Activity
Of all the entries below, retype only the lines from the one with "else p 0 1)" through the one with "(xlogx (real n)", exactly as they appear.

Record set
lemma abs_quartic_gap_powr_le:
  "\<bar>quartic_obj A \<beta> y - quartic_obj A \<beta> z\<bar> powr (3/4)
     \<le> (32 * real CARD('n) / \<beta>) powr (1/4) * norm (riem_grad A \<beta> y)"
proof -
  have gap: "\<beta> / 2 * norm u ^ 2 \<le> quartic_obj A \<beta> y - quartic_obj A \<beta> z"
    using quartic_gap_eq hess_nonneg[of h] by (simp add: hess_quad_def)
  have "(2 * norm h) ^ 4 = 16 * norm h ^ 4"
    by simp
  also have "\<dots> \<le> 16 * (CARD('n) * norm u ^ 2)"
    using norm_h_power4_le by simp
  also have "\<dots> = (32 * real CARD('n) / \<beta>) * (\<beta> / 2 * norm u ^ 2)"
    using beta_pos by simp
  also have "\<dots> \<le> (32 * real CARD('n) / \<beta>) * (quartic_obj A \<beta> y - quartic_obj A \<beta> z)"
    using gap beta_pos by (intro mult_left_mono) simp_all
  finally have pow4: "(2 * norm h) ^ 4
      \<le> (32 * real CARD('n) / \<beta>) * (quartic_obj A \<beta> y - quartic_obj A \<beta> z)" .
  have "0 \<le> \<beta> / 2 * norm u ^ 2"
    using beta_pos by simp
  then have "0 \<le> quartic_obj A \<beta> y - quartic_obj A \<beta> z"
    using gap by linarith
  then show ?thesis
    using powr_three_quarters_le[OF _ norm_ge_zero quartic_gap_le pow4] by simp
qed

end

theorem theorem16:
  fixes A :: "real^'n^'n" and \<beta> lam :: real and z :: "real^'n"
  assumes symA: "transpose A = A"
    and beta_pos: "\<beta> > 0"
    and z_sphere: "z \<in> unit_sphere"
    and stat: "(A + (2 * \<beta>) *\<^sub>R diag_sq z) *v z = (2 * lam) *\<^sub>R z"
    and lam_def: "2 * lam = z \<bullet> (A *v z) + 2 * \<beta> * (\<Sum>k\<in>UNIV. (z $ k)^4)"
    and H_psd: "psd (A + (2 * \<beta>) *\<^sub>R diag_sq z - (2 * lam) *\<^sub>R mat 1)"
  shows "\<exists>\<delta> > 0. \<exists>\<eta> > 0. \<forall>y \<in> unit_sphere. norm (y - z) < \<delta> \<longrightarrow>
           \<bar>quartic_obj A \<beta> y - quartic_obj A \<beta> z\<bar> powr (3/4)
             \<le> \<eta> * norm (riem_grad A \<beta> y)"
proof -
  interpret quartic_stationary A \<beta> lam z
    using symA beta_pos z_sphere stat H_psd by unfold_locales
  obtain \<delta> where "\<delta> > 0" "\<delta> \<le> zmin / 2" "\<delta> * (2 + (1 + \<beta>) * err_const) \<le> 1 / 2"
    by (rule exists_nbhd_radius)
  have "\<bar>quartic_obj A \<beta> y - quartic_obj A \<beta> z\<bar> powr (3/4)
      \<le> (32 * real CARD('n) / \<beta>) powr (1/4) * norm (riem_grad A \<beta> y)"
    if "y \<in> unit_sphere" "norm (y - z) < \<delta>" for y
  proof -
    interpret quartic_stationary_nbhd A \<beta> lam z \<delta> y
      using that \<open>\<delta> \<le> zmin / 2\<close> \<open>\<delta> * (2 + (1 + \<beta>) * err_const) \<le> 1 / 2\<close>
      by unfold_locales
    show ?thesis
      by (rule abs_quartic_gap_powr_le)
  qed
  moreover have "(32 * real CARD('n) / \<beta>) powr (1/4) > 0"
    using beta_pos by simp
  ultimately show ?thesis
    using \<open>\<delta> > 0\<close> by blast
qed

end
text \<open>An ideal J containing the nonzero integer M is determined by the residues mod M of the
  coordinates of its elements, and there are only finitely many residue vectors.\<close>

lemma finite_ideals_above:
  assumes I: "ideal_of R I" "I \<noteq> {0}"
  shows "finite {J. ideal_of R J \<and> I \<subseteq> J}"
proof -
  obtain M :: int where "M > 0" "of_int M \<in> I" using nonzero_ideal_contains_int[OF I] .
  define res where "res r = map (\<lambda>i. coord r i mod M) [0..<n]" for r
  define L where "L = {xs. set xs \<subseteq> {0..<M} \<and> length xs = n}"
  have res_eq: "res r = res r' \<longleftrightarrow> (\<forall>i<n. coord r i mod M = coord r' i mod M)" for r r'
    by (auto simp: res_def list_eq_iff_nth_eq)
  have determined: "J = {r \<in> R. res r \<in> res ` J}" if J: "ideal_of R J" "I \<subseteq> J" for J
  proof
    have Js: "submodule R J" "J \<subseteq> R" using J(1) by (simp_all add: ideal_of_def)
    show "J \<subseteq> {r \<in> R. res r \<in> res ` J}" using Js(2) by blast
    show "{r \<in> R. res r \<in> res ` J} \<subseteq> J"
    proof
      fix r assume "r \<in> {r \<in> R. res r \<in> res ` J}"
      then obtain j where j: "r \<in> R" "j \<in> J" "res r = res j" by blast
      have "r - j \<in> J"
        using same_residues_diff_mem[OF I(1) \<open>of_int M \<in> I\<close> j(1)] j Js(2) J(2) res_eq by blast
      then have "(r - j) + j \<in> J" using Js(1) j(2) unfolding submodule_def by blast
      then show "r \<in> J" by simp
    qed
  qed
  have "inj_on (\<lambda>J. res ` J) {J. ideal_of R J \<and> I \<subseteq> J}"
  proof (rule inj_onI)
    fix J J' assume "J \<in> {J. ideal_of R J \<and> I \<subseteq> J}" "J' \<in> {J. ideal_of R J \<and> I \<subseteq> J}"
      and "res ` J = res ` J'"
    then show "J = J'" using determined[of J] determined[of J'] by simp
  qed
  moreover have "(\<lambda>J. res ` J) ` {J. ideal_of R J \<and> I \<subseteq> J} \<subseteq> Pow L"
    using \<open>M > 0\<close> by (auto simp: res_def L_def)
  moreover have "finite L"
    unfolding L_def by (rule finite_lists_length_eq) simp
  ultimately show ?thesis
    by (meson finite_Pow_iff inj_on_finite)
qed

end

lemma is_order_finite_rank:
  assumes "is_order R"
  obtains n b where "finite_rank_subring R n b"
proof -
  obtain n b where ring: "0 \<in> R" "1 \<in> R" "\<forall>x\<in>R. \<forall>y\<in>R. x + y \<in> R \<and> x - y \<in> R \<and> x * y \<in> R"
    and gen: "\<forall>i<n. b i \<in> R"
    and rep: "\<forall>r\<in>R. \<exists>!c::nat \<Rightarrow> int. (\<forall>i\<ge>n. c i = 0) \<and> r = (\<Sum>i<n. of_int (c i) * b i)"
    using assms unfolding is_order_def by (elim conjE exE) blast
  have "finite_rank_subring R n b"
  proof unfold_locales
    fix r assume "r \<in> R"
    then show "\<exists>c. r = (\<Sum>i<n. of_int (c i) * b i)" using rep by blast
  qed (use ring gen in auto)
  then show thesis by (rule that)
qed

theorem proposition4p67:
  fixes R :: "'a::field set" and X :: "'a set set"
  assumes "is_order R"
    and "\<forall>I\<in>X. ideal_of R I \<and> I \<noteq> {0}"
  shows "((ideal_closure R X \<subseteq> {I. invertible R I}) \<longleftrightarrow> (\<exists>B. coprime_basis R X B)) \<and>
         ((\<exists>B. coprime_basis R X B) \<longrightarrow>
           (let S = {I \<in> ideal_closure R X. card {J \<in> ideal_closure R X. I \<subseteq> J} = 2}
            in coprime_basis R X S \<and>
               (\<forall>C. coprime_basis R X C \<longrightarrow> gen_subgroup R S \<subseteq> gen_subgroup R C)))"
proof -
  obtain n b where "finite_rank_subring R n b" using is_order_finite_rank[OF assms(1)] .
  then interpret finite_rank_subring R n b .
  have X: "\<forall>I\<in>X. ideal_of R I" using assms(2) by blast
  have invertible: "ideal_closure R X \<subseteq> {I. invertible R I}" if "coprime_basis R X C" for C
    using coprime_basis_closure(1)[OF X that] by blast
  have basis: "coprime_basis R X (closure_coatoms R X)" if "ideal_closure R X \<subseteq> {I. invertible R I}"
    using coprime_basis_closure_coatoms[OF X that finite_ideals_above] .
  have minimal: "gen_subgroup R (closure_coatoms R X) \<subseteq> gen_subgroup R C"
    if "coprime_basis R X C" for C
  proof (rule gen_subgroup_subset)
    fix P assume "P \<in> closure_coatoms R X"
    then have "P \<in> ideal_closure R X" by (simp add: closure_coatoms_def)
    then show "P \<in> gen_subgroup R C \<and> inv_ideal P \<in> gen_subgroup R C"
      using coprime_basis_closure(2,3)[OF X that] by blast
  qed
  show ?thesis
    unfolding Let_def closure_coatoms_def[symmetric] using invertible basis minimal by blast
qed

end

* * *

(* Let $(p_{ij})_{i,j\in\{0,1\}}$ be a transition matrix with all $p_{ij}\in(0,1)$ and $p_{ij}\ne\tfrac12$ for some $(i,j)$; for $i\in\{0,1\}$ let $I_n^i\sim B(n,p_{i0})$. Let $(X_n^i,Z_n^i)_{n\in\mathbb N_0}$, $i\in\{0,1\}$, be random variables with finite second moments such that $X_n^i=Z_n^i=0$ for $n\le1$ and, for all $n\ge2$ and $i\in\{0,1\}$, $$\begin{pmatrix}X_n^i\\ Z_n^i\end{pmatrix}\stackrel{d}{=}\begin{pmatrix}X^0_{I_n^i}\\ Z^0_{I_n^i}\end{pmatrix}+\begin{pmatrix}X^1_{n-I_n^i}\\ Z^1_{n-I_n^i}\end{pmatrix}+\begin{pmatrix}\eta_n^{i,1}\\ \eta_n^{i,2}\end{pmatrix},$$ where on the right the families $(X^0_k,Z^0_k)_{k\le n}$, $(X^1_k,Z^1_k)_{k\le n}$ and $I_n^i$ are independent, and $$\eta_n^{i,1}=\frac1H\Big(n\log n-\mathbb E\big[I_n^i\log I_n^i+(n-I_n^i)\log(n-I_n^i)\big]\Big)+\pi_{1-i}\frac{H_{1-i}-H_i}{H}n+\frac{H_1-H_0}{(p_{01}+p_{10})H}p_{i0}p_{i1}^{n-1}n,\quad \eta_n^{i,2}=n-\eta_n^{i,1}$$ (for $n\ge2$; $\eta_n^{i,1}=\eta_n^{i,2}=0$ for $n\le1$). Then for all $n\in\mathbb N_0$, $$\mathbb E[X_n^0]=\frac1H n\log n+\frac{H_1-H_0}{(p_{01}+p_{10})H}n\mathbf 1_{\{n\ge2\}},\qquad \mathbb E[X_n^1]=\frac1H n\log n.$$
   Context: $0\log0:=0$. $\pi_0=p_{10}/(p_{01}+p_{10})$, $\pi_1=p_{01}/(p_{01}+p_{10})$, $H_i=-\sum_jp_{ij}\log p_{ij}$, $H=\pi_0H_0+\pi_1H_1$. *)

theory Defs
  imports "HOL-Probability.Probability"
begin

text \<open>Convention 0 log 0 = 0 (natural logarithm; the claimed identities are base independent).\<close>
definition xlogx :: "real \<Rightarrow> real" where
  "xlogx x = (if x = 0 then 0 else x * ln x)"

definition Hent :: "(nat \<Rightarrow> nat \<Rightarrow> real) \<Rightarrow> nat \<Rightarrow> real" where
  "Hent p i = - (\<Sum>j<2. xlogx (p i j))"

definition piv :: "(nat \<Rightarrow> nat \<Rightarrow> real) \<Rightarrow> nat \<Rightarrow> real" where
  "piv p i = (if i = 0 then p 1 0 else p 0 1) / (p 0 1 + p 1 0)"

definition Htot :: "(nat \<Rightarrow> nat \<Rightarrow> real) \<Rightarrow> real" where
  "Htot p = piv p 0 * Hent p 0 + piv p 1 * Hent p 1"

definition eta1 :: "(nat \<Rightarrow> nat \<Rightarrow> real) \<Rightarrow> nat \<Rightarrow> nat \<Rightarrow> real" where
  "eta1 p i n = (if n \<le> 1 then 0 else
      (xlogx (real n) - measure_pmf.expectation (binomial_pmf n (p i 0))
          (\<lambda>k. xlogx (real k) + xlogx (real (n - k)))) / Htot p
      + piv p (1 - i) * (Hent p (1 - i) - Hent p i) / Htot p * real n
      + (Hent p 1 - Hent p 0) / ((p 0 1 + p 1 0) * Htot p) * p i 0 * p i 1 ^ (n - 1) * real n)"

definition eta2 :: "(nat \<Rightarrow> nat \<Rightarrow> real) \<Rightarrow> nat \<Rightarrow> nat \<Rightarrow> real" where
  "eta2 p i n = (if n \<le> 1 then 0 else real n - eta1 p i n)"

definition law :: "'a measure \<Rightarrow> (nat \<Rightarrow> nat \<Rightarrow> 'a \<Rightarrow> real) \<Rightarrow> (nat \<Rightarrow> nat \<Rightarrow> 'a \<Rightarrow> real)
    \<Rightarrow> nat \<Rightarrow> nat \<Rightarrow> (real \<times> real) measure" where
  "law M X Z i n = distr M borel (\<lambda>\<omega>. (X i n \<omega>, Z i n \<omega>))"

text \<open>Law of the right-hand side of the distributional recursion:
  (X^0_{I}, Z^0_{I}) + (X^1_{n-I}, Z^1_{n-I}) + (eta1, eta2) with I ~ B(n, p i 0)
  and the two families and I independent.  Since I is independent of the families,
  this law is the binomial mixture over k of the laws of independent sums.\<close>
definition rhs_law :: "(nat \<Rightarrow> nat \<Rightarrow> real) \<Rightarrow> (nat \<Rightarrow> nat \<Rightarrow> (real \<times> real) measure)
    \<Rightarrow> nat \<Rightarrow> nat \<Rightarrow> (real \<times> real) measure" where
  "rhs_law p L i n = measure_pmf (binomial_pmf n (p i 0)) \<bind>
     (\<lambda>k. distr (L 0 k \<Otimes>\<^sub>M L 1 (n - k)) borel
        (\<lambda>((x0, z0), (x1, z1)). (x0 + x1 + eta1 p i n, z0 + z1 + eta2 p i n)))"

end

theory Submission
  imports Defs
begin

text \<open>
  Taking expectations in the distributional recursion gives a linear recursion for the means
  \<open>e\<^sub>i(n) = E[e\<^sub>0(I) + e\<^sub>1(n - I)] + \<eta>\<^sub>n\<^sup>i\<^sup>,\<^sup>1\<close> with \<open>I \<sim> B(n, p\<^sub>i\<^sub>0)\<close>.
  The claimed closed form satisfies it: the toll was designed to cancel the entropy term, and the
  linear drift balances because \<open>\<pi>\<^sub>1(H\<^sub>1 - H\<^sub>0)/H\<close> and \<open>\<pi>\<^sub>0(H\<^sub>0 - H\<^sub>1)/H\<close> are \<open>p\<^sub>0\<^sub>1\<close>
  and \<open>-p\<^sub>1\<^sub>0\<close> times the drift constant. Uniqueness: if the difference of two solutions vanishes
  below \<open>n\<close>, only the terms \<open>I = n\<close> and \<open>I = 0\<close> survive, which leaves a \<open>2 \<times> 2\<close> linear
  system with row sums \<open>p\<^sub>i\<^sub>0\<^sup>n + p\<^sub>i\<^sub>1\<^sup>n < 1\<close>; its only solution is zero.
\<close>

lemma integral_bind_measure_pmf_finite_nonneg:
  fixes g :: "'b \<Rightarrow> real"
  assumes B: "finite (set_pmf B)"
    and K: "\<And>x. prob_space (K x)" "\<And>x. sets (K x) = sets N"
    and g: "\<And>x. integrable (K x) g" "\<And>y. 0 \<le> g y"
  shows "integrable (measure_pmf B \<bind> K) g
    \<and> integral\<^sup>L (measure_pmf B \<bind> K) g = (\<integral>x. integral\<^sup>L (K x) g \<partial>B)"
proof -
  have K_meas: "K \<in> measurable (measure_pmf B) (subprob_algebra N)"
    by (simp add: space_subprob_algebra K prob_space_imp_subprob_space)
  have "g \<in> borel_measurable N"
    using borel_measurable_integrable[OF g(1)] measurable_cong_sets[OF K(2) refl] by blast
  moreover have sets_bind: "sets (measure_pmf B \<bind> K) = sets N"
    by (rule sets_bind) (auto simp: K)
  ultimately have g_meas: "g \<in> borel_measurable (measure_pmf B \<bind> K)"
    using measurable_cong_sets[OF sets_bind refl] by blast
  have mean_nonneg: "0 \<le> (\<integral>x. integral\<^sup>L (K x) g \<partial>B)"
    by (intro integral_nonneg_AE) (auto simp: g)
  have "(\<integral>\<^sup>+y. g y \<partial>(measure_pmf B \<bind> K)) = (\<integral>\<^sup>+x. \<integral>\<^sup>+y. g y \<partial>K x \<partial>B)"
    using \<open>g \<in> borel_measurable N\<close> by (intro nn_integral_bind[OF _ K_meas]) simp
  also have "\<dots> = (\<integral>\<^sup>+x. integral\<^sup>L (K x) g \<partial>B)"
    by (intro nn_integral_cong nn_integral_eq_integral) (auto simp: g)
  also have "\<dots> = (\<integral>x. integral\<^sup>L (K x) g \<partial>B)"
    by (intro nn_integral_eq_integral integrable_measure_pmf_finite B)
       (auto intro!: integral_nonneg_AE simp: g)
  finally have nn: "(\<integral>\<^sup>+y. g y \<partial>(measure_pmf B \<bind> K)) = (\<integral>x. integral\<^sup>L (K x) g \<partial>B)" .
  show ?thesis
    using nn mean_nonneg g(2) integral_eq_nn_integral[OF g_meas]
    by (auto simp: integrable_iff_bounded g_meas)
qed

Task answer
  "piv p i = (if i = 0 then p 1 0 else p 0 1) / (p 0 1 + p 1 0)"

definition Htot :: "(nat \<Rightarrow> nat \<Rightarrow> real) \<Rightarrow> real" where
  "Htot p = piv p 0 * Hent p 0 + piv p 1 * Hent p 1"

definition eta1 :: "(nat \<Rightarrow> nat \<Rightarrow> real) \<Rightarrow> nat \<Rightarrow> nat \<Rightarrow> real" where
  "eta1 p i n = (if n \<le> 1 then 0 else
      (xlogx (real n) - measure_pmf.expectation (binomial_pmf n (p i 0))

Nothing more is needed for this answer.